Typical MRI and localized 31P saturation transfer MRS results from a healthy control subject (M, 37 yrs; a, b), and a patient (M, 31 yrs) with a 12-year old anterior-apical MI of mass 38g, representing 31% of the LV (c-e). (a) Scout axial 1H MRI used for positioning MRS detector, annotated with the location of the section from which spectra are acquired in (b). (b) 31P spectra from FAST data sets each acquired in 6.4 min with 60° pulses and control irradiation (left), and with γ-phosphate of ATP saturated (right). Block arrows denote the irradiation frequency. The complete MRS experiment yielded k =0.38 s-1, [PCr] =10.4 μmol/g wet wt, and 3.9 μmol(g.s)-1 for the forward CK flux. (c) These patient spectra are from 2 adjacent 1 cm slices, indicated in the scout images (d). The reduction in PCr height with γ-ATP saturated is comparable to the control, also yielding k =0.38 s-1, but a reduced [PCr] (6.9 μmol/g) and CK flux (2.6 μmol(g.s)-1). (e) Four short-axis, 8-mm thick LGE images from mid-LV (left) moving down to the apex (right) at 1.6 cm intervals.

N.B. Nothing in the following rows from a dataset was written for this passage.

(* Let w_h(sigma) be the product of h(|B|) over the blocks B of sigma. Splitting off the block
   that contains a fixed point gives a binomial recursion for the sum of w_h over all partitions
   of an n-set: for h(k) = (k-1)! the sum is n!, for h(k) = (-1)^(k-1) (k-1)! it vanishes when
   n >= 2. As the partitions below sigma are the pairs (partition of a block B, partition below
   sigma - {B}), the latter weight satisfies the defining recursion of mu(0, -), whence
   |mu(0, sigma)| = prod (|B|-1)!.
   Grouping the tuples delta by their set S of common singleton blocks and dropping the
   conditions sigma_k > 0 and "exactly S" only enlarges the sum, which then factors into d sums
   over partitions of the p - r points outside S, each equal to (p - r)!. *)

definition block_weight :: "(nat \<Rightarrow> 'b::comm_monoid_mult) \<Rightarrow> 'a set set \<Rightarrow> 'b" where
  "block_weight h P = (\<Prod>B\<in>P. h (card B))"

lemma partition_on_Un:
  assumes "partition_on A P" "partition_on B Q" "A \<inter> B = {}"
  shows "partition_on (A \<union> B) (P \<union> Q)"
  using assms by (auto simp: partition_on_def intro: disjoint_union)

lemma partition_on_Diff:
  assumes "partition_on A P" "Q \<subseteq> P"
  shows "partition_on (A - \<Union>Q) (P - Q)"
proof -
  have "\<Union>P - \<Union>Q = \<Union>(P - Q)"
    using assms by (intro diff_Union_pairwise_disjoint) (auto simp: partition_on_def)
  with assms show ?thesis
    by (auto simp: partition_on_def pairwise_def)
qed

lemma partition_on_block_containing:
  assumes "partition_on A P" "x \<in> A"
  obtains C where "C \<in> P" "x \<in> C" "{C \<in> P. x \<in> C} = {C}"
proof -
  obtain C where C: "C \<in> P" "x \<in> C"
    using assms by (auto simp: partition_on_def)
  moreover have "C' = C" if "C' \<in> P" "x \<in> C'" for C'
    using assms(1) C that by (auto simp: partition_on_def dest: disjointD)
  ultimately show ?thesis
    using that by blast
qed

lemma bij_betw_partition_on_block_containing:
  assumes "x \<in> B"
  shows "bij_betw (\<lambda>(D, Q). insert (insert x D) Q)
    (SIGMA D:Pow (B - {x}). {Q. partition_on (B - insert x D) Q}) {P. partition_on B P}"
proof -
  define block where "block P = the_elem {C \<in> P. x \<in> C}" for P :: "'a set set"
  have block_insert: "block (insert (insert x D) Q) = insert x D"
    if "partition_on (B - insert x D) Q" for D Q
  proof -
    have "{C \<in> insert (insert x D) Q. x \<in> C} = {insert x D}"
      using that by (auto simp: partition_on_def)
    then show ?thesis by (simp add: block_def)
  qed
  have block: "block P \<in> P" "x \<in> block P" if "partition_on B P" for P
    using partition_on_block_containing[OF that assms] by (metis block_def the_elem_eq)+
  show ?thesis
  proof (rule bij_betw_byWitness[where f' = "\<lambda>P. (block P - {x}, P - {block P})"])
    show "\<forall>P\<in>{P. partition_on B P}. (\<lambda>(D, Q). insert (insert x D) Q) (block P - {x}, P - {block P}) = P"
      using block by (auto simp: insert_absorb)
    show "(\<lambda>P. (block P - {x}, P - {block P})) ` {P. partition_on B P}
        \<subseteq> (SIGMA D:Pow (B - {x}). {Q. partition_on (B - insert x D) Q})"
    proof (rule image_subsetI)
      fix P assume "P \<in> {P. partition_on B P}"
      then have P: "partition_on B P" by simp
      then have "block P \<subseteq> B" "partition_on (B - \<Union>{block P}) (P - {block P})"
        using block[OF P] partition_on_Diff[OF P] by (auto simp: partition_on_def)
      then show "(block P - {x}, P - {block P}) \<in> (SIGMA D:Pow (B - {x}). {Q. partition_on (B - insert x D) Q})"
        using block[OF P] by (auto simp: insert_absorb)
    qed
    show "\<forall>DQ\<in>SIGMA D:Pow (B - {x}). {Q. partition_on (B - insert x D) Q}.
        (\<lambda>P. (block P - {x}, P - {block P})) ((\<lambda>(D, Q). insert (insert x D) Q) DQ) = DQ"
      using block_insert by (fastforce simp: partition_on_def)
    show "(\<lambda>(D, Q). insert (insert x D) Q) ` (SIGMA D:Pow (B - {x}). {Q. partition_on (B - insert x D) Q})
        \<subseteq> {P. partition_on B P}"
    proof clarify
      fix D Q assume D: "D \<subseteq> B - {x}" and Q: "partition_on (B - insert x D) Q"
      then have "disjnt (insert x D) (\<Union>Q)"
        by (auto simp: partition_on_def disjnt_def)
      with D Q assms show "partition_on B (insert (insert x D) Q)"
        by (auto simp: partition_on_insert)
    qed
  qed
qed

lemma sum_partition_on_block_containing:
  assumes "finite B" "x \<in> B"
  shows "(\<Sum>P | partition_on B P. F P) =
    (\<Sum>D\<in>Pow (B - {x}). \<Sum>Q | partition_on (B - insert x D) Q. F (insert (insert x D) Q))"
proof -
  have "(\<Sum>P | partition_on B P. F P) =
      (\<Sum>(D, Q)\<in>(SIGMA D:Pow (B - {x}). {Q. partition_on (B - insert x D) Q}). F (insert (insert x D) Q))"
    using sum.reindex_bij_betw[OF bij_betw_partition_on_block_containing[OF assms(2)], of F]
    by (simp add: split_def)
  also have "\<dots> = (\<Sum>D\<in>Pow (B - {x}). \<Sum>Q | partition_on (B - insert x D) Q. F (insert (insert x D) Q))"
    using assms(1) by (subst sum.Sigma) (auto intro: finitely_many_partition_on)
  finally show ?thesis .
qed

lemma sum_Pow_card:
  fixes f :: "nat \<Rightarrow> 'b::semiring_1"
  assumes "finite E"
  shows "(\<Sum>D\<in>Pow E. f (card D)) = (\<Sum>k\<le>card E. of_nat (card E choose k) * f k)"
proof -
  have "(\<Sum>D\<in>Pow E. f (card D)) = (\<Sum>k\<le>card E. \<Sum>D | D \<in> Pow E \<and> card D = k. f (card D))"
    using assms by (intro sum.group[symmetric]) (auto simp: card_mono)
  also have "\<dots> = (\<Sum>k\<le>card E. of_nat (card E choose k) * f k)"
    using n_subsets[OF assms] by (intro sum.cong) auto
  finally show ?thesis .
qed

lemma sum_block_weight_partition_on:
  fixes h F :: "nat \<Rightarrow> 'b::comm_semiring_1"
  assumes F_0: "F 0 = 1"
    and F_Suc: "\<And>n. F (Suc n) = (\<Sum>k\<le>n. of_nat (n choose k) * h (Suc k) * F (n - k))"
    and "finite B"
  shows "(\<Sum>P | partition_on B P. block_weight h P) = F (card B)"
  using assms(3)
proof (induction "card B" arbitrary: B rule: less_induct)
  case less
  show ?case
  proof (cases "B = {}")
    case True
    then have "{P. partition_on B P} = {{}}"
      by (auto simp: partition_on_empty)
    then show ?thesis
      using True by (simp add: block_weight_def F_0)
  next
    case False
    then obtain x where x: "x \<in> B" by blast
    define n where "n = card (B - {x})"
    have card_B: "card B = Suc n"
      unfolding n_def using card_Suc_Diff1[OF less.prems x] by (rule sym)
    have "(\<Sum>P | partition_on B P. block_weight h P) =
      (\<Sum>D\<in>Pow (B - {x}). \<Sum>Q | partition_on (B - insert x D) Q. block_weight h (insert (insert x D) Q))"
      by (rule sum_partition_on_block_containing[OF less.prems x])
    also have "\<dots> = (\<Sum>D\<in>Pow (B - {x}). h (Suc (card D)) * F (n - card D))"
    proof (rule sum.cong[OF refl])
      fix D assume D: "D \<in> Pow (B - {x})"
      then have D_fin: "finite D" "x \<notin> D"
        using less.prems finite_subset by auto
      have card_rest: "card (B - insert x D) = n - card D"
        using D D_fin less.prems x card_B by (subst card_Diff_subset) auto
      have "(\<Sum>Q | partition_on (B - insert x D) Q. block_weight h (insert (insert x D) Q))
          = h (Suc (card D)) * (\<Sum>Q | partition_on (B - insert x D) Q. block_weight h Q)"
        unfolding sum_distrib_left
      proof (rule sum.cong[OF refl])
        fix Q assume "Q \<in> {Q. partition_on (B - insert x D) Q}"
        then have "finite Q" "insert x D \<notin> Q"
          using less.prems D by (auto intro: finite_elements simp: partition_on_def)
        then show "block_weight h (insert (insert x D) Q) = h (Suc (card D)) * block_weight h Q"
          using D_fin by (simp add: block_weight_def)
      qed
      also have "\<dots> = h (Suc (card D)) * F (n - card D)"
        using less.hyps[of "B - insert x D"] less.prems card_rest card_B by simp
      finally show "(\<Sum>Q | partition_on (B - insert x D) Q. block_weight h (insert (insert x D) Q))
          = h (Suc (card D)) * F (n - card D)" .
    qed
    also have "\<dots> = (\<Sum>k\<le>n. of_nat (n choose k) * (h (Suc k) * F (n - k)))"
      using sum_Pow_card[of "B - {x}" "\<lambda>k. h (Suc k) * F (n - k)"] less.prems
      unfolding n_def by simp
    also have "\<dots> = F (card B)"
      unfolding card_B F_Suc by (simp add: mult.assoc)
    finally show ?thesis .
  qed
qed

lemma sum_block_weight_fact:
  assumes "finite B"
  shows "(\<Sum>P | partition_on B P. block_weight (\<lambda>k. fact (k - 1)) P) =
    (fact (card B) :: 'b::{comm_semiring_1, semiring_char_0})"
proof (rule sum_block_weight_partition_on[OF _ _ assms])
  fix n
  have "(\<Sum>k\<le>n. of_nat (n choose k) * fact (Suc k - 1) * fact (n - k)) = (\<Sum>k\<le>n. (fact n :: 'b))"
  proof (rule sum.cong[OF refl])
    fix k assume "k \<in> {..n}"
    then have "of_nat (fact k * fact (n - k) * (n choose k)) = (of_nat (fact n) :: 'b)"
      by (simp add: binomial_fact_lemma)
    then show "of_nat (n choose k) * fact (Suc k - 1) * fact (n - k) = (fact n :: 'b)"
      by (simp add: ac_simps)
  qed
  then show "fact (Suc n) = (\<Sum>k\<le>n. of_nat (n choose k) * fact (Suc k - 1) * (fact (n - k) :: 'b))"
    by (simp add: algebra_simps)
qed simp

(* The value mu(0, 1) of the partition lattice of a k-element set. *)
definition mobius_block :: "nat \<Rightarrow> int" where
  "mobius_block k = (-1) ^ (k - 1) * fact (k - 1)"

lemma sum_block_weight_mobius_block:
  assumes "finite B"
  shows "(\<Sum>P | partition_on B P. block_weight mobius_block P) = of_bool (card B \<le> 1)"
proof (rule sum_block_weight_partition_on[OF _ _ assms])
  fix n
  show "of_bool (Suc n \<le> 1) = (\<Sum>k\<le>n. of_nat (n choose k) * mobius_block (Suc k) * of_bool (n - k \<le> 1))"
  proof (cases n)
    case 0
    then show ?thesis by (simp add: mobius_block_def)
  next
    case (Suc m)
    let ?t = "\<lambda>k. of_nat (n choose k) * mobius_block (Suc k) * of_bool (n - k \<le> 1)"
    have "(\<Sum>k<m. ?t k) = 0"
      using Suc by (intro sum.neutral) auto
    then have "(\<Sum>k\<le>n. ?t k) = ?t m + ?t (Suc m)"
      by (simp add: Suc lessThan_Suc_atMost[symmetric])
    also have "\<dots> = 0"
      using Suc by (simp add: mobius_block_def algebra_simps)
    finally show ?thesis
      using Suc by simp
  qed
qed simp

lemma partition_on_obtain_nonsingleton_block:
  assumes "finite A" "partition_on A \<sigma>" "\<sigma> \<noteq> (\<lambda>s. {s}) ` A"
  obtains B where "B \<in> \<sigma>" "2 \<le> card B"
proof -
  have "\<exists>B\<in>\<sigma>. 2 \<le> card B"
  proof (rule ccontr)
    assume "\<not> (\<exists>B\<in>\<sigma>. 2 \<le> card B)"
    then have singleton: "\<exists>s. B = {s}" if B: "B \<in> \<sigma>" for B
    proof -
      have "B \<subseteq> A" "B \<noteq> {}"
        using B assms(2) by (auto simp: partition_on_def)
      then have "0 < card B"
        using assms(1) finite_subset by fastforce
      with B \<open>\<not> (\<exists>B\<in>\<sigma>. 2 \<le> card B)\<close> have "card B = 1"
        by fastforce
      then show ?thesis
        by (simp add: card_1_singleton_iff)
    qed
    have "\<sigma> = (\<lambda>s. {s}) ` \<Union>\<sigma>"
    proof (intro equalityI subsetI)
      fix X assume "X \<in> \<sigma>"
      with singleton show "X \<in> (\<lambda>s. {s}) ` \<Union>\<sigma>"
        by blast
    next
      fix X assume "X \<in> (\<lambda>s. {s}) ` \<Union>\<sigma>"
      then obtain s Y where "X = {s}" "s \<in> Y" "Y \<in> \<sigma>"
        by blast
      with singleton show "X \<in> \<sigma>"
        by force
    qed
    with assms(2,3) show False
      by (simp add: partition_on_def)
  qed
  with that show ?thesis
    by blast
qed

Images are oriented anterior down, with the infarct showing bright (white arrows).

Figure 2

The average myocardial PCr/ATP ratio, [PCr], k, and CK flux (left to right) measured by 31P MRS in the anterior myocardium of MI patients (filled triangles) and controls (open circles). Crosses denote mean values with error bars (±1 SD; *P <0.001 and P <0.001 for [PCr] and CK flux, respectively, in MI vs controls).

Figure 3

The mean fraction of hyper-enhancing tissue or infarct transmurality, as % of antero-septal LV wall (black bar, left axis) in the apical antero-septal region sampled by 31P MRS, and the antero-septal LV [PCr] and [ATP] reductions, as % of mean values in healthy subjects (right axis; lines designate one SD). The reduction in cardiac high-energy phosphates does not exceed the estimate of infarct content in the antero-septal region, suggesting that the metabolite loss is primarily due to tissue loss and infarction (*P =0.04 for [PCr] and P =0.06 for [ATP] vs. infarct transmurality).

Figure 4

The correlation between LV EF and anterior myocardial [PCr] (r =0.57, P =0.03). The line-of-best-fit to the data is computed using the method-of-least-squares.

Figure 5

(a) Comparison of FAST CK reaction rates, k, and (b) forward CK flux measured by FAST 31P MRS from current (hatched bars), and prior studies of normal subjects during a 200% dobutamine-induced increase in cardiac work load (“stress”), LVH without and with CHF, and patients with nonischemic DCM and CHF. Statistical comparisons are as published (*P <0.001 vs k =0.32 ±0.07 s-1 and CK flux =3.2±0.8 μmol(g.s)-1, in 16 normal controls at rest; †P <0.001 and #P=0.01 in 14 resting controls with k =0.32 ±0.06 s-1 and CK flux =3.1 ±0.9 μmol(g.s)-1), and from the current study (§P <0.001, Table 1).